JACKSONVILLE – Marqise Lee has a couple of offseason priorities.

One is to continue progress toward graduating from the University of Southern California, and therefore to keep a promise the Jaguars' wide receiver made to himself and his mother.

"I told my mom I would finish, and I spent so much time in school already – I may as well knock it out while I can," Lee said recently with a smile.

That means Lee will spend the first part of his first full NFL offseason taking a few of the five credits he needs to graduate with a degree in sociology. After that, full focus will turn to his other offseason priority:

To take full advantage of that first full offseason.

"I want to focus on being more consistent," Lee said.

Lee, a second-round selection in the 2014 NFL Draft, spoke recently after a rookie season in which he was part of a youth movement – at the receiver position and around the entire Jacksonville offense.

The Jaguars last offseason revamped their roster on offense, and by the end of the 2014 season, six rookies had played extensive starting roles, working their way into key roles for the coming season – and possibly beyond.

Brandon Linder and Luke Bowanko combined to start 29 games at guard and center, respectively, and quarterback Blake Bortles started the final 13 games of the season. The Jaguars also started second-year left tackle Luke Joeckel and second-year running back Denard Robinson much of the season.

But perhaps nowhere was the rookie movement as prevalent as receiver, where not only Lee, but Allen Robinson and Allen Hurns emerged as rookie starters and potential core players for the future.

Hurns, a rookie free agent from Miami, caught 51 passes for 677 yards and six touchdowns, while Robinson – a second-round selection from Penn State – caught 48 passes for 548 yards and two touchdowns.

Lee, after struggling with a hamstring injury early in the season, finished the season having played in 13 games, starting seven. He finished the season with 37 receptions for 422 yards and a touchdown.

Twenty-four of Lee's receptions came in the final six games for 281 yards and a touchdown, and it was just before that time Jaguars Head Coach Gus Bradley said he started seeing a change in Lee.

Bradley said while there was a time around midseason when Lee "had some anxiety," he had some of his best practices as the Jaguars prepared for their Week 10 game against the Dallas Cowboys at Wembley Stadium in London.
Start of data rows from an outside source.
lemma indisc_pair_any_order:
  assumes "indisc S k I" "p < q" "i \<noteq> j" "wf S \<theta>" "fv \<theta> \<subseteq> {..<2 * k}"
  shows "sat S UNIV \<theta> ((!) (if i < j then I p @ I q else I q @ I p)) = sat S UNIV \<theta> ((!) (I i @ I j))"
proof (cases "i < j")
  case True
  then show ?thesis
    using indisc_pair[OF assms(1,2) True assms(4,5)] by simp
next
  case False
  then have "j < i"
    using assms(3) by simp
  have len: "length (I n) = k" for n
    using assms(1) unfolding indisc_def by simp
  have "sat S UNIV \<theta> ((!) (I q @ I p)) = sat S UNIV (rename (swap_blocks k) \<theta>) ((!) (I p @ I q))"
    using sat_rename_swap_blocks[OF len len assms(5)] by metis
  also have "\<dots> = sat S UNIV (rename (swap_blocks k) \<theta>) ((!) (I j @ I i))"
    using assms(4,5) by (intro indisc_pair[OF assms(1,2) \<open>j < i\<close>]) (simp_all add: fv_rename_swap_blocks)
  also have "\<dots> = sat S UNIV \<theta> ((!) (I i @ I j))"
    using sat_rename_swap_blocks[OF len len assms(5)] by metis
  finally show ?thesis
    using False by simp
qed

text \<open>Pigeonhole: among the infinitely many members of the sequence two have the same
  \<open>\<Psi>\<close>-type over the parameters \<open>v\<close>, and by indiscernibility the pair, in the order of \<open>i\<close>
  and \<open>j\<close>, has the type of \<open>I i @ I j\<close>.\<close>
lemma indisc_fin_sat_swap_invariant:
  assumes "indisc S k I" "i \<noteq> j" "finite \<Psi>"
    and \<Theta>: "\<forall>\<theta>\<in>\<Theta>. wf S \<theta> \<and> fv \<theta> \<subseteq> {..<2 * k} \<and> sat S UNIV \<theta> ((!) (I i @ I j))"
  shows "\<exists>x y. length x = k \<and> length y = k \<and> (\<forall>\<theta>\<in>\<Theta>. sat S UNIV \<theta> ((!) (x @ y))) \<and>
    (\<forall>\<psi>\<in>\<Psi>. sat S UNIV \<psi> (override_on v ((!) x) {..<k}) \<longleftrightarrow> sat S UNIV \<psi> (override_on v ((!) y) {..<k}))"
proof -
  define col where "col p = {\<psi>\<in>\<Psi>. sat S UNIV \<psi> (override_on v ((!) (I p)) {..<k})}" for p
  have "finite (range col)"
    using assms(3) by (rule finite_subset[rotated, OF finite_Pow_iff[THEN iffD2]]) (auto simp: col_def)
  then have "\<not> inj col"
    using finite_imageD infinite_UNIV_nat by blast
  then obtain p q where "p < q" "col p = col q"
    unfolding inj_def by (metis linorder_neqE_nat)
  define x where "x = (if i < j then I p else I q)"
  define y where "y = (if i < j then I q else I p)"
  have "length x = k" "length y = k"
    using assms(1) unfolding indisc_def x_def y_def by simp_all
  moreover have "\<forall>\<theta>\<in>\<Theta>. sat S UNIV \<theta> ((!) (x @ y))"
    using \<Theta> indisc_pair_any_order[OF assms(1) \<open>p < q\<close> assms(2)]
    unfolding x_def y_def by (auto split: if_splits)
  moreover have "\<forall>\<psi>\<in>\<Psi>. sat S UNIV \<psi> (override_on v ((!) x) {..<k}) \<longleftrightarrow>
      sat S UNIV \<psi> (override_on v ((!) y) {..<k})"
    using \<open>col p = col q\<close> unfolding col_def x_def y_def by (auto simp: set_eq_iff)
  ultimately show ?thesis
    by blast
qed

text \<open>Realisations of \<open>swap_type S k T\<close> are realisations of the type of \<open>T\<close> whose two halves of
  length \<open>k\<close> have the same type over the parameters placed from \<open>2 * k\<close> on.\<close>
definition swap_type :: "('f, 'r, 'a, 'z) mstruct_scheme \<Rightarrow> nat \<Rightarrow> 'a list \<Rightarrow> ('f, 'r) fm set" where
  "swap_type S k T = {\<theta>. wf S \<theta> \<and> fv \<theta> \<subseteq> {..<2 * k} \<and> sat S UNIV \<theta> ((!) T)}
     \<union> (\<lambda>\<psi>. Iff \<psi> (rename (swap_blocks k) \<psi>)) ` {\<psi>. wf S \<psi> \<and> fv \<psi> \<inter> {k..<2 * k} = {}}"

lemma override_append_swap_blocks:
  assumes "length x = k" "length y = k" "n < k \<or> 2 * k \<le> n"
  shows "override_on v ((!) (x @ y)) {..<2 * k} n = override_on v ((!) x) {..<k} n"
    and "override_on v ((!) (x @ y)) {..<2 * k} (swap_blocks k n) = override_on v ((!) y) {..<k} n"
  using assms by (auto simp: override_on_def swap_blocks_def nth_append)

lemma indisc_swap_type_fin_sat:
  fixes S :: "('f, 'r, 'a, 'z) mstruct_scheme"
  assumes "indisc S k I" "i \<noteq> j" "\<Phi>0 \<subseteq> swap_type S k (I i @ I j)" "finite \<Phi>0"
  shows "\<exists>w. \<forall>\<phi>\<in>\<Phi>0. sat S UNIV \<phi> (override_on v w {..<2 * k})"
proof -
  define swap_inv :: "('f, 'r) fm \<Rightarrow> ('f, 'r) fm" where
    "swap_inv \<psi> = Iff \<psi> (rename (swap_blocks k) \<psi>)" for \<psi>
  define \<Psi> where "\<Psi> = {\<psi>. wf S \<psi> \<and> fv \<psi> \<inter> {k..<2 * k} = {} \<and> swap_inv \<psi> \<in> \<Phi>0}"
  have "inj_on swap_inv \<Psi>" "swap_inv ` \<Psi> \<subseteq> \<Phi>0"
    unfolding inj_on_def swap_inv_def Iff_def \<Psi>_def by auto
  then have "finite \<Psi>"
    using assms(4) finite_imageD finite_subset by blast
  then obtain x y where xy: "length x = k" "length y = k"
    "\<And>\<theta>. wf S \<theta> \<Longrightarrow> fv \<theta> \<subseteq> {..<2 * k} \<Longrightarrow> sat S UNIV \<theta> ((!) (I i @ I j)) \<Longrightarrow>
      sat S UNIV \<theta> ((!) (x @ y))"
    "\<forall>\<psi>\<in>\<Psi>. sat S UNIV \<psi> (override_on v ((!) x) {..<k}) \<longleftrightarrow> sat S UNIV \<psi> (override_on v ((!) y) {..<k})"
    using indisc_fin_sat_swap_invariant[OF assms(1,2),
        of \<Psi> "{\<theta>. wf S \<theta> \<and> fv \<theta> \<subseteq> {..<2 * k} \<and> sat S UNIV \<theta> ((!) (I i @ I j))}"] by blast
  let ?U = "override_on v ((!) (x @ y)) {..<2 * k}"
  have "sat S UNIV \<phi> ?U" if "\<phi> \<in> \<Phi>0" for \<phi>
  proof -
    consider "wf S \<phi>" "fv \<phi> \<subseteq> {..<2 * k}" "sat S UNIV \<phi> ((!) (I i @ I j))"
      | \<psi> where "\<phi> = swap_inv \<psi>" "\<psi> \<in> \<Psi>"
      using assms(3) \<open>\<phi> \<in> \<Phi>0\<close> unfolding swap_type_def \<Psi>_def swap_inv_def by blast
    then show ?thesis
    proof cases
      case 1
      then have "sat S UNIV \<phi> ?U = sat S UNIV \<phi> ((!) (x @ y))"
        by (intro sat_cong) (auto simp: override_on_def)
      then show ?thesis
        using 1 xy(3) by simp
    next
      case 2
      then have "n < k \<or> 2 * k \<le> n" if "n \<in> fv \<psi>" for n
        using that unfolding \<Psi>_def by auto
      then have "sat S UNIV \<psi> ?U = sat S UNIV \<psi> (override_on v ((!) x) {..<k})"
        and "sat S UNIV \<psi> (?U \<circ> swap_blocks k) = sat S UNIV \<psi> (override_on v ((!) y) {..<k})"
        using override_append_swap_blocks[OF xy(1,2)] by (auto intro!: sat_cong)
      then show ?thesis
        using 2 xy(4) by (simp add: swap_inv_def sat_rename)
    qed
  qed
  then show ?thesis
    by blast
qed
"I go back to where he had a couple of good weeks in practice and he didn't play many plays, but he had a big catch," Bradley said. "I think at that point in time it really clicked for him. I don't know if he knew at that time I'll get more reps, but I think he felt more comfortable in the system.
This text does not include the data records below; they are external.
(* Let $n \geq 1$ and let $D_n'$ be the digraph defined in the context. For any $u, v, w \in V(D_n')$, it is not the case that all of $uv$, $vw$, $uw$ are edges of $D_n'$. (That is, $D_n'$ contains no transitive tournament on three vertices.)
   Context: Digraphs $D_n$ are defined recursively. $D_1$ is a single vertex with no edges. For $n \geq 2$, take $n-1$ disjoint copies $D_{n-1}^1,\dots,D_{n-1}^{n-1}$ of $D_{n-1}$; let $\mathcal{T}$ be the set of all sequences $T=(x_1,\dots,x_{n-1})$ with $x_i \in V(D_{n-1}^i)$ for each $i$. For each $T \in \mathcal{T}$ add a new vertex $v_T$ and, for each $i \in \{1,\dots,n-1\}$, an edge from $x_i$ to $v_T$. The resulting digraph is $D_n$. It is a known fact that $D_n$ is acyclic and that for any two vertices $u,v$ of $D_n$ there is at most one directed path from $u$ to $v$ in $D_n$. The length of a path is its number of edges. The digraph $D_n'$ has $V(D_n')=V(D_n)$ and, for every ordered pair $(u,v)$ of vertices such that there is a directed path in $D_n$ from $u$ to $v$: if that path has length $\equiv 1 \pmod 3$, $D_n'$ has the edge $uv$, called positive; if that path has length $\equiv 2 \pmod 3$, $D_n'$ has the edge $vu$, called negative. $D_n'$ has no other edges. *)

theory Defs
  imports Main
begin

text \<open>Base is the single vertex of D_1;
  Copy i x is the vertex x of the i-th copy of D_(n-1) inside D_n (1 <= i <= n-1);
  New xs is the new vertex v_T for T = (xs!0, ..., xs!(n-2)), where xs!(i-1) is
  a vertex of D_(n-1) taken in copy i.\<close>
datatype vtx = Base | Copy nat vtx | New "vtx list"

fun Dv :: "nat \<Rightarrow> vtx set" where
  "Dv 0 = {}"
| "Dv (Suc 0) = {Base}"
| "Dv (Suc (Suc m)) =
     {Copy i x | i x. i \<in> {1..Suc m} \<and> x \<in> Dv (Suc m)}
     \<union> {New xs | xs. length xs = Suc m \<and> (\<forall>i<Suc m. xs ! i \<in> Dv (Suc m))}"

fun De :: "nat \<Rightarrow> (vtx \<times> vtx) set" where
  "De 0 = {}"
| "De (Suc 0) = {}"
| "De (Suc (Suc m)) =
     {(Copy i x, Copy i y) | i x y. i \<in> {1..Suc m} \<and> (x, y) \<in> De (Suc m)}
     \<union> {(Copy (Suc i) (xs ! i), New xs) | i xs.
          length xs = Suc m \<and> (\<forall>j<Suc m. xs ! j \<in> Dv (Suc m)) \<and> i < Suc m}"

definition dpath :: "nat \<Rightarrow> vtx \<Rightarrow> vtx \<Rightarrow> nat \<Rightarrow> bool" where
  "dpath n u v k \<longleftrightarrow> (\<exists>ps. length ps = Suc k \<and> distinct ps \<and> set ps \<subseteq> Dv n
      \<and> ps ! 0 = u \<and> ps ! k = v \<and> (\<forall>j<k. (ps ! j, ps ! Suc j) \<in> De n))"

definition De' :: "nat \<Rightarrow> (vtx \<times> vtx) set" where
  "De' n = {(u, v) | u v. u \<in> Dv n \<and> v \<in> Dv n \<and>
      ((\<exists>k. dpath n u v k \<and> k mod 3 = 1) \<or> (\<exists>k. dpath n v u k \<and> k mod 3 = 2))}"

end

theory Submission
  imports Defs
begin

text \<open>Inside \<open>D\<^sub>n\<close> a walk either stays in one copy of \<open>D\<^sub>n\<^sub>-\<^sub>1\<close> or leaves it by a single
  edge into a new vertex, which is a sink; so, by induction on \<open>n\<close>, all walks between two
  given vertices have the same length.  The signed distance \<open>d(u,v)\<close> (the length of the walk
  from \<open>u\<close> to \<open>v\<close>, or minus the length of the walk from \<open>v\<close> to \<open>u\<close>) is therefore well
  defined and sums to zero around every triangle.  An edge \<open>uv\<close> of \<open>D\<^sub>n'\<close> forces
  \<open>d(u,v) \<equiv> 1 (mod 3)\<close>, so a transitive triangle would give \<open>1 + 1 \<equiv> 1 (mod 3)\<close>.\<close>

lemma relpow_from_sink:
  assumes "(x, v) \<in> R ^^ k" and "\<And>y. (x, y) \<notin> R"
  shows "k = 0 \<and> v = x"
  using assms by (cases k) (simp, blast dest: relpow_Suc_D2)

definition unique_walk_lengths :: "('a \<times> 'a) set \<Rightarrow> bool" where
  "unique_walk_lengths R \<longleftrightarrow> (\<forall>u v k k'. (u, v) \<in> R ^^ k \<longrightarrow> (u, v) \<in> R ^^ k' \<longrightarrow> k = k')"

definition signed_dist :: "('a \<times> 'a) set \<Rightarrow> 'a \<Rightarrow> 'a \<Rightarrow> int \<Rightarrow> bool" where
  "signed_dist R u v d \<longleftrightarrow>
     (\<exists>k. (u, v) \<in> R ^^ k \<and> d = int k) \<or> (\<exists>k. (v, u) \<in> R ^^ k \<and> d = - int k)"

lemma signed_dist_swap: "signed_dist R v u (- d) \<longleftrightarrow> signed_dist R u v d"
  unfolding signed_dist_def by (auto simp: minus_equation_iff)

lemma signed_dist_nonneg_walk:
  assumes "signed_dist R u v d" and "0 \<le> d"
  shows "(u, v) \<in> R ^^ nat d"
  using assms unfolding signed_dist_def by auto

lemma signed_dist_cycle_forward:
  assumes unique: "unique_walk_lengths R"
    and uv: "signed_dist R u v a" and vw: "signed_dist R v w b" and wu: "signed_dist R w u c"
    and "0 \<le> a" and "0 \<le> b"
  shows "a + b + c = 0"
proof -
  note unique = unique[unfolded unique_walk_lengths_def, rule_format]
  have uw: "(u, w) \<in> R ^^ nat (a + b)"
    using signed_dist_nonneg_walk[OF uv] signed_dist_nonneg_walk[OF vw] \<open>0 \<le> a\<close> \<open>0 \<le> b\<close>
    unfolding nat_add_distrib[OF \<open>0 \<le> a\<close> \<open>0 \<le> b\<close>] relpow_add by blast
  from wu show ?thesis
    unfolding signed_dist_def
  proof (elim disjE exE conjE)
    fix k assume "(w, u) \<in> R ^^ k" "c = int k"
    with uw have "(u, u) \<in> R ^^ (nat (a + b) + k)"
      unfolding relpow_add by blast
    then have "nat (a + b) + k = 0"
      by (rule unique[OF _ relpow_0_I])
    with \<open>c = int k\<close> \<open>0 \<le> a\<close> \<open>0 \<le> b\<close> show ?thesis by linarith
  next
    fix k assume "(u, w) \<in> R ^^ k" "c = - int k"
    from unique[OF uw this(1)] have "nat (a + b) = k" .
    with \<open>c = - int k\<close> \<open>0 \<le> a\<close> \<open>0 \<le> b\<close> show ?thesis by linarith
  qed
qed

text \<open>Two consecutive sides of the triangle have the same sign; rotating, or reversing,
  the triangle makes them the two nonnegative sides of the previous lemma.\<close>
lemma signed_dist_cycle:
  assumes unique: "unique_walk_lengths R"
    and uv: "signed_dist R u v a" and vw: "signed_dist R v w b" and wu: "signed_dist R w u c"
  shows "a + b + c = 0"
proof -
  note forward = signed_dist_cycle_forward[OF unique]
  note reversed = uv[THEN signed_dist_swap[THEN iffD2]] vw[THEN signed_dist_swap[THEN iffD2]]
    wu[THEN signed_dist_swap[THEN iffD2]]
  consider "0 \<le> a" "0 \<le> b" | "0 \<le> b" "0 \<le> c" | "0 \<le> c" "0 \<le> a"
    | "a \<le> 0" "b \<le> 0" | "b \<le> 0" "c \<le> 0" | "c \<le> 0" "a \<le> 0"
    using linorder_le_cases[of 0 a] linorder_le_cases[of 0 b] linorder_le_cases[of 0 c] by blast
  then show ?thesis
  proof cases
    case 1 with forward[OF uv vw wu] show ?thesis by simp
  next
    case 2 with forward[OF vw wu uv] show ?thesis by simp
  next
    case 3 with forward[OF wu uv vw] show ?thesis by simp
  next
    case 4 with forward[OF reversed(2) reversed(1) reversed(3)] show ?thesis by simp
  next
    case 5 with forward[OF reversed(3) reversed(2) reversed(1)] show ?thesis by simp
  next
    case 6 with forward[OF reversed(1) reversed(3) reversed(2)] show ?thesis by simp
  qed
qed

lemma De_no_edge_from_Base: "(Base, y) \<notin> De n"
  by (induction n rule: De.induct) auto

lemma De_no_edge_from_New: "(New xs, y) \<notin> De n"
  by (induction n rule: De.induct) auto

lemma De_edge_from_Copy:
  assumes "(Copy i x, w) \<in> De (Suc (Suc m))"
  shows "(\<exists>y. w = Copy i y \<and> (x, y) \<in> De (Suc m)) \<or> (\<exists>xs j. w = New xs \<and> i = Suc j \<and> x = xs ! j)"
  using assms by auto

lemma De_walk_from_Copy:
  assumes "(Copy i x, v) \<in> De (Suc (Suc m)) ^^ k"
  shows "(\<exists>y. v = Copy i y \<and> (x, y) \<in> De (Suc m) ^^ k)
    \<or> (\<exists>xs j k'. v = New xs \<and> k = Suc k' \<and> i = Suc j \<and> (x, xs ! j) \<in> De (Suc m) ^^ k')"
  using assms
proof (induction k arbitrary: x)
  case 0
  then show ?case by simp
next
  case (Suc k)
  from Suc.prems obtain w
    where w: "(Copy i x, w) \<in> De (Suc (Suc m))" and rest: "(w, v) \<in> De (Suc (Suc m)) ^^ k"
    by (rule relpow_Suc_E2)
  from De_edge_from_Copy[OF w] show ?case
  proof (elim disjE exE conjE)
    fix y assume "w = Copy i y" and xy: "(x, y) \<in> De (Suc m)"
    with Suc.IH rest have "(\<exists>z. v = Copy i z \<and> (y, z) \<in> De (Suc m) ^^ k)
      \<or> (\<exists>xs j k'. v = New xs \<and> k = Suc k' \<and> i = Suc j \<and> (y, xs ! j) \<in> De (Suc m) ^^ k')"
      by simp
    then show ?case by (blast intro: relpow_Suc_I2[OF xy])
  next
    fix xs j assume "w = New xs" "i = Suc j" "x = xs ! j"
    moreover have "k = 0 \<and> v = New xs"
      using relpow_from_sink[OF rest[unfolded \<open>w = New xs\<close>] De_no_edge_from_New] .
    ultimately show ?case by simp
  qed
qed

lemma De_walk_length_unique:
  "(u, v) \<in> De n ^^ k \<Longrightarrow> (u, v) \<in> De n ^^ k' \<Longrightarrow> k = k'"
proof (induction n arbitrary: u v k k' rule: De.induct)
  case 1
  show ?case using relpow_from_sink[OF "1.prems"(1)] relpow_from_sink[OF "1.prems"(2)] by simp
next
  case 2
  show ?case using relpow_from_sink[OF "2.prems"(1)] relpow_from_sink[OF "2.prems"(2)] by simp
next
  case (3 m)
  note sink = relpow_from_sink[OF "3.prems"(1)] relpow_from_sink[OF "3.prems"(2)]
  show ?case
  proof (cases u)
    case Base
    with sink show ?thesis by (simp add: De_no_edge_from_Base del: De.simps)
  next
    case (New xs)
    with sink show ?thesis by (simp add: De_no_edge_from_New del: De.simps)
  next
    case (Copy i x)
    with "3.prems" have walks:
      "(Copy i x, v) \<in> De (Suc (Suc m)) ^^ k" "(Copy i x, v) \<in> De (Suc (Suc m)) ^^ k'"
      by (simp_all only:)
    from De_walk_from_Copy[OF walks(1)] show ?thesis
    proof (elim disjE exE conjE)
      fix y assume v: "v = Copy i y" and "(x, y) \<in> De (Suc m) ^^ k"
      moreover from De_walk_from_Copy[OF walks(2)] v have "(x, y) \<in> De (Suc m) ^^ k'"
        by (simp del: De.simps)
      ultimately show ?thesis using "3.IH" by blast
    next
      fix xs j k\<^sub>1 assume v: "v = New xs" "i = Suc j" and "k = Suc k\<^sub>1" "(x, xs ! j) \<in> De (Suc m) ^^ k\<^sub>1"
      moreover from De_walk_from_Copy[OF walks(2)] v obtain k\<^sub>2
        where "k' = Suc k\<^sub>2" "(x, xs ! j) \<in> De (Suc m) ^^ k\<^sub>2"
        by (auto simp del: De.simps)
      ultimately show ?thesis using "3.IH" by blast
    qed
  qed
qed

lemma unique_walk_lengths_De: "unique_walk_lengths (De n)"
  unfolding unique_walk_lengths_def by (intro allI impI) (rule De_walk_length_unique)

lemma dpath_walk:
  assumes "dpath n u v k"
  shows "(u, v) \<in> De n ^^ k"
proof -
  from assms obtain ps where "ps ! 0 = u" "ps ! k = v" "\<forall>j<k. (ps ! j, ps ! Suc j) \<in> De n"
    unfolding dpath_def by blast
  then show ?thesis
    unfolding relpow_fun_conv by (intro exI[of _ "(!) ps"]) simp
qed

lemma De'_signed_dist:
  assumes "(u, v) \<in> De' n"
  shows "\<exists>d. signed_dist (De n) u v d \<and> d mod 3 = 1"
proof -
  from assms consider k where "dpath n u v k" "k mod 3 = 1" | k where "dpath n v u k" "k mod 3 = 2"
    unfolding De'_def by blast
  then show ?thesis
  proof cases
    case (1 k)
    then have "signed_dist (De n) u v (int k)"
      unfolding signed_dist_def by (blast dest: dpath_walk)
    moreover from 1 have "int k mod 3 = 1" by presburger
    ultimately show ?thesis by blast
  next
    case (2 k)
    then have "signed_dist (De n) u v (- int k)"
      unfolding signed_dist_def by (blast dest: dpath_walk)
    moreover from 2 have "- int k mod 3 = 1" by presburger
    ultimately show ?thesis by blast
  qed
qed

theorem lemma2p3:
  fixes n :: nat and u v w :: vtx
  assumes "n \<ge> 1" and "u \<in> Dv n" and "v \<in> Dv n" and "w \<in> Dv n"
  shows "\<not> ((u, v) \<in> De' n \<and> (v, w) \<in> De' n \<and> (u, w) \<in> De' n)"
proof
  assume "(u, v) \<in> De' n \<and> (v, w) \<in> De' n \<and> (u, w) \<in> De' n"
  then obtain a b c where
    uv: "signed_dist (De n) u v a" "a mod 3 = 1" and vw: "signed_dist (De n) v w b" "b mod 3 = 1"
    and uw: "signed_dist (De n) u w c" "c mod 3 = 1"
    using De'_signed_dist by meson
  from signed_dist_cycle[OF unique_walk_lengths_De uv(1) vw(1) signed_dist_swap[THEN iffD2, OF uw(1)]]
  have "a + b - c = 0" by simp
  with uv(2) vw(2) uw(2) show False by presburger
qed

end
"We challenge our coaches all the time, get him in there. … Let's keep pushing this and see where these guys are at.' I know as far as I'm concerned, we want to keep pushing these guys and see where they're at. Fortunately, Jerry (Sullivan) had that mindset and kept believing in him."
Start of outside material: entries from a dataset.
text \<open>For f on SX regarded as function on G/M via gM \<mapsto> f(go, g\<omega>+):
  I_{s',n}(f)(g) = \<integral>_{B_{\<omega>+,n}} f(guo, gu\<omega>+) q^{\<langle>uo,\<omega>-\<rangle>(1/2 - i conj s')} du.\<close>
definition I_op ::
  "nat \<Rightarrow> ('v \<Rightarrow> 'v \<Rightarrow> bool) \<Rightarrow> 'v \<Rightarrow> (nat \<Rightarrow> 'v) set \<Rightarrow> (nat \<Rightarrow> 'v) set \<Rightarrow>
   ('v \<Rightarrow> 'v) measure \<Rightarrow> complex \<Rightarrow> nat \<Rightarrow> ('v \<times> (nat \<Rightarrow> 'v) set \<Rightarrow> complex) \<Rightarrow>
   ('v \<Rightarrow> 'v) \<Rightarrow> complex" where
  "I_op q adj o0 \<omega>m \<omega>p \<mu> s' n f g =
     (LINT u : Bgrp_n adj o0 \<omega>p n | \<mu>.
        f ((g \<circ> u) o0, bact (g \<circ> u) \<omega>p) *
        of_nat q powr (of_int (busemann adj o0 (u o0) \<omega>m) * (1/2 - \<i> * cnj s')))"

end

theory Submission
  imports Defs
begin

text \<open>
A vertex x of the horosphere H_{\<omega>+}(o) reaches the ray [o,\<omega>+) at some x_k after k steps,
so d(x,o) = 2k, and the ray from x to \<omega>- runs through o, so \<langle>x,\<omega>-\<rangle> = -d(x,o).
For u \<in> B_{\<omega>+,n} the vertex uo lies on the horosphere with d(uo,o) \<le> 2n, and the integrand
depends on u only through uo. A nonempty fibre of u \<mapsto> uo is a left coset of
B_{\<omega>+} \<inter> Stab(o), which has Haar measure q^0 = 1. The horosphere ball of radius 2n lies in a
sphere of radius n about x_n inside one branch of the tree, so it has at most q^n points, whereas
B_{\<omega>+,n} has measure q^n: hence every fibre over the ball is nonempty, and the integral is the
sum over the ball.
\<close>

definition nb_walk :: "('v \<Rightarrow> 'v \<Rightarrow> bool) \<Rightarrow> (nat \<Rightarrow> 'v) \<Rightarrow> nat \<Rightarrow> bool" where
  "nb_walk adj p n \<longleftrightarrow>
     (\<forall>i<n. adj (p i) (p (Suc i))) \<and> (\<forall>i. i + 2 \<le> n \<longrightarrow> p (i + 2) \<noteq> p i)"

lemma nb_walk_mono: "nb_walk adj p n \<Longrightarrow> m \<le> n \<Longrightarrow> nb_walk adj p m"
  unfolding nb_walk_def by auto

lemma nb_walk_shift: "nb_walk adj p n \<Longrightarrow> k + m \<le> n \<Longrightarrow> nb_walk adj (\<lambda>i. p (i + k)) m"
  unfolding nb_walk_def by (auto simp: add.commute add.left_commute)

lemma is_ray_iff_nb_walk: "is_ray adj r \<longleftrightarrow> (\<forall>n. nb_walk adj r n)"
  unfolding is_ray_def nb_walk_def by (metis add_2_eq_Suc' le_add2 lessI)

lemma is_ray_shift_nb_walk: "is_ray adj r \<Longrightarrow> nb_walk adj (\<lambda>i. r (i + k)) n"
  unfolding is_ray_def nb_walk_def by (metis add_2_eq_Suc' add_Suc)

lemma nb_walk_append:
  assumes "nb_walk adj p a" "nb_walk adj p' b" "p a = p' 0"
    and "0 < a \<and> 0 < b \<longrightarrow> p (a - 1) \<noteq> p' 1"
  shows "nb_walk adj (\<lambda>i. if i < a then p i else p' (i - a)) (a + b)"
  unfolding nb_walk_def
proof (intro conjI allI impI)
  fix i assume "i < a + b"
  then consider "Suc i < a" | "Suc i = a" | "a \<le> i" "i - a < b" "Suc i - a = Suc (i - a)"
    by linarith
  then show "adj (if i < a then p i else p' (i - a)) (if Suc i < a then p (Suc i) else p' (Suc i - a))"
    by cases (use assms(1,2,3) in \<open>auto simp: nb_walk_def\<close>)
next
  fix i assume "i + 2 \<le> a + b"
  then consider "i + 2 < a" | "i + 2 = a" | "i + 1 = a" "0 < b" | "a \<le> i" "i - a + 2 \<le> b"
    by linarith
  then show "(if i + 2 < a then p (i + 2) else p' (i + 2 - a)) \<noteq> (if i < a then p i else p' (i - a))"
  proof cases
    case 4
    then have "i + 2 - a = i - a + 2" by simp
    with 4 assms(2) show ?thesis unfolding nb_walk_def by auto
  qed (use assms in \<open>auto simp: nb_walk_def\<close>)
qed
Lee said his improvement late in the season wasn't as much about gaining confidence as it was about staying healthy, and he said while consistency is definitely a goal achieving that at least in part is about avoiding injuries.

"I think that was the biggest thing (about his rookie season) – especially when you have injuries that you haven't had before," he said. "A lot of my injuries consisted of injuries I never had before, that I thought I'd be good with. Now, I know how to treat those injuries where if I do feel something I know how to handle it whereas this year I didn't know how to handle it and I was freaking out and trying to rush things rather than staying calm and coming back like I was supposed to."

Lee said while he will relax for the first month of the offseason to get his body back right, he will then work on his own, focus on releases, speed drills and strength before returning for the team's offseason program, which will begin in mid-April.

"Typical training," he said, adding, "I just want to be there from the get-go. I want to get things going from the beginning. I don't want to wait until the end to get it going. I know what my body needs. That's the main thing – to stay on top of that."